(Assignment):
Using the entries below, copy out all lines where "unfolding" is found.

*** Opening Input data ***

(* Let $\tilde d\in C^1(\mathbb{R})$ satisfy $\tilde d(0)=0$, $\tilde d'(m)>d_0$ and $|\tilde d'(m)|\le d_1+d_2|m|^p$ for all $m\in\mathbb{R}$, for some constants $d_0>0$ and $d_1,d_2,p\ge 0$. Then for any $\tilde f,\tilde g\in L^2(0,1)$ and $\tilde h=(\tilde h(0),\tilde h(1))\in\mathbb{R}^2$ the stationary system $$\partial_x\tilde m(x)=\tilde f(x),\quad \partial_x\tilde p(x)+\tilde d(\tilde m(x))=\tilde g(x)\quad (x\in(0,1)),\qquad \tilde p(x)=\tilde h(x)\quad (x\in\{0,1\})$$ has a unique solution $(\tilde p,\tilde m)\in H^1(0,1)\times H^1(0,1)$, and there exists a constant $c>0$, independent of $\tilde d$ and of $\tilde f,\tilde g,\tilde h$, such that $$\|\tilde m\|_{H^1}\le \frac{c}{d_0}\big(\|\tilde g\|_{L^2}+|\tilde h|_1+d_1\|\tilde f\|_{L^2}+d_2\|\tilde f\|_{L^2}^{p+1}\big)+c\|\tilde f\|_{L^2}=:M,$$ $$\|\tilde p\|_{H^1}\le c\big(\|\tilde g\|_{L^2}+|\tilde h|_1+d_1M+d_2M^{p+1}\big).$$
   Context: $|\tilde h|_1=|\tilde h(0)|+|\tilde h(1)|$ denotes the $\ell^1$-norm on $\mathbb{R}^2$. $L^2$ and $H^1$ denote the usual Lebesgue and Sobolev spaces on $(0,1)$. *)

theory Defs
  imports "HOL-Analysis.Analysis"
begin

text \<open>Functions on (0,1) are represented by functions real => real; only values on [0,1] matter.\<close>

definition L2_01 :: "(real \<Rightarrow> real) \<Rightarrow> bool" where
  "L2_01 f \<longleftrightarrow> set_borel_measurable lborel {0..1} f
                \<and> set_integrable lborel {0..1} (\<lambda>x. (f x)\<^sup>2)"

definition L2_norm :: "(real \<Rightarrow> real) \<Rightarrow> real" where
  "L2_norm f = sqrt (LINT x:{0..1}|lborel. (f x)\<^sup>2)"

text \<open>v is the weak derivative of u on (0,1), u being (the absolutely continuous
  representative of) an H^1 function: v in L^2 and u x = u 0 + int_0^x v for x in [0,1].\<close>
definition weak_deriv_01 :: "(real \<Rightarrow> real) \<Rightarrow> (real \<Rightarrow> real) \<Rightarrow> bool" where
  "weak_deriv_01 u v \<longleftrightarrow> L2_01 v \<and>
     (\<forall>x\<in>{0..1}. u x = u 0 + (LINT t:{0..x}|lborel. v t))"

definition H1_01 :: "(real \<Rightarrow> real) \<Rightarrow> bool" where
  "H1_01 u \<longleftrightarrow> (\<exists>v. weak_deriv_01 u v)"

definition H1_norm :: "(real \<Rightarrow> real) \<Rightarrow> real" where
  "H1_norm u = sqrt ((L2_norm u)\<^sup>2 + (L2_norm (SOME v. weak_deriv_01 u v))\<^sup>2)"

text \<open>Real power with the convention 0^0 = 1 (Isabelle's powr has 0 powr 0 = 0).\<close>
definition rpow :: "real \<Rightarrow> real \<Rightarrow> real" where
  "rpow x a = (if a = 0 then 1 else x powr a)"

end

theory Submission
  imports Defs
begin

text \<open>
  Integrating the first equation gives \<open>m = a + F\<close> with \<open>F x = \<integral>\<^sub>0\<^sup>x f\<close>, so only
  the constant \<open>a = m 0\<close> is free; \<open>P\<close> is then determined by \<open>P 0 = h0\<close> and
  \<open>P' = g - d \<circ> m\<close>, and the remaining condition \<open>P 1 = h1\<close> becomes the scalar equation
  \<open>\<phi> a = h0 - h1 + \<integral>\<^sub>0\<^sup>1 g\<close> for the shooting function
  \<open>\<phi> a = \<integral>\<^sub>0\<^sup>1 d (a + F x) dx\<close>. Since \<open>d' > d0\<close>, \<open>\<phi>\<close> is continuous and grows at
  least at rate \<open>d0\<close>, so the equation has exactly one root, and
  \<open>d0 * \<bar>a\<bar> \<le> \<bar>h0 - h1 + \<integral>\<^sub>0\<^sup>1 g - \<phi> 0\<bar>\<close>. The estimates, with \<open>c = 2\<close>, follow
  from \<open>\<bar>\<integral>\<^sub>0\<^sup>x u\<bar> \<le> \<parallel>u\<parallel>\<^sub>L\<^sub>2\<close> and the growth bound
  \<open>\<bar>d s\<bar> \<le> d1 * \<bar>s\<bar> + d2 * \<bar>s\<bar> powr (p + 1)\<close> given by the mean value theorem.
\<close>

section \<open>Square-integrable functions on the unit interval\<close>

lemma set_integrable_continuous_on_Icc:
  fixes k :: "real \<Rightarrow> real"
  assumes "continuous_on {a..b} k"
  shows "set_integrable lborel {a..b} k"
  unfolding set_integrable_def using borel_integrable_compact[of "{a..b}" k] assms by auto

lemma set_integrable_const_Icc: "set_integrable lborel {a..b::real} (\<lambda>_. c::real)"
  by (rule set_integrable_continuous_on_Icc) simp

lemma set_integral_const_Icc:
  "a \<le> b \<Longrightarrow> (LINT x:{a..b}|lborel. (c::real)) = (b - a) * c"
  by (simp add: set_integral_const)

lemma set_integral_Icc_self: "(LINT t:{a..a::real}|lborel. (u t :: real)) = 0"
proof -
  have "AE t in lborel. indicator {a..a} t *\<^sub>R u t = 0"
    using AE_lborel_singleton[of a] by eventually_elim simp
  then show ?thesis
    unfolding set_lebesgue_integral_def by (rule integral_eq_zero_AE)
qed

lemma L2_01_set_integrable:
  assumes "L2_01 f"
  shows "set_integrable lborel {0..1} f"
proof (rule set_integrable_bound)
  show "set_integrable lborel {0..1::real} (\<lambda>x. 1 + (f x)\<^sup>2)"
    using assms set_integrable_const_Icc[of 0 1 1] by (simp add: L2_01_def)
  show "set_borel_measurable lborel {0..1} f"
    using assms by (simp add: L2_01_def)
  have "\<bar>y\<bar> \<le> 1 + y\<^sup>2" for y :: real
    using zero_le_power2[of "\<bar>y\<bar> - 1"] abs_ge_zero[of y] by (simp add: power2_diff)
  then show "AE x in lborel. x \<in> {0..1} \<longrightarrow> norm (f x) \<le> norm (1 + (f x)\<^sup>2)"
    by simp
qed

lemma set_integral_square_nonneg: "0 \<le> (LINT x:{0..1::real}|lborel. (u x :: real)\<^sup>2)"
  unfolding set_lebesgue_integral_def
  by (rule Bochner_Integration.integral_nonneg) (simp add: indicator_def)

lemma L2_norm_nonneg: "0 \<le> L2_norm u"
  unfolding L2_norm_def using set_integral_square_nonneg by simp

*** Closing Input data ***

(Reply):
  unfolding set_integrable_def using borel_integrable_compact[of "{a..b}" k] assms by auto
    unfolding set_lebesgue_integral_def by (rule integral_eq_zero_AE)
  unfolding set_lebesgue_integral_def
  unfolding L2_norm_def using set_integral_square_nonneg by simp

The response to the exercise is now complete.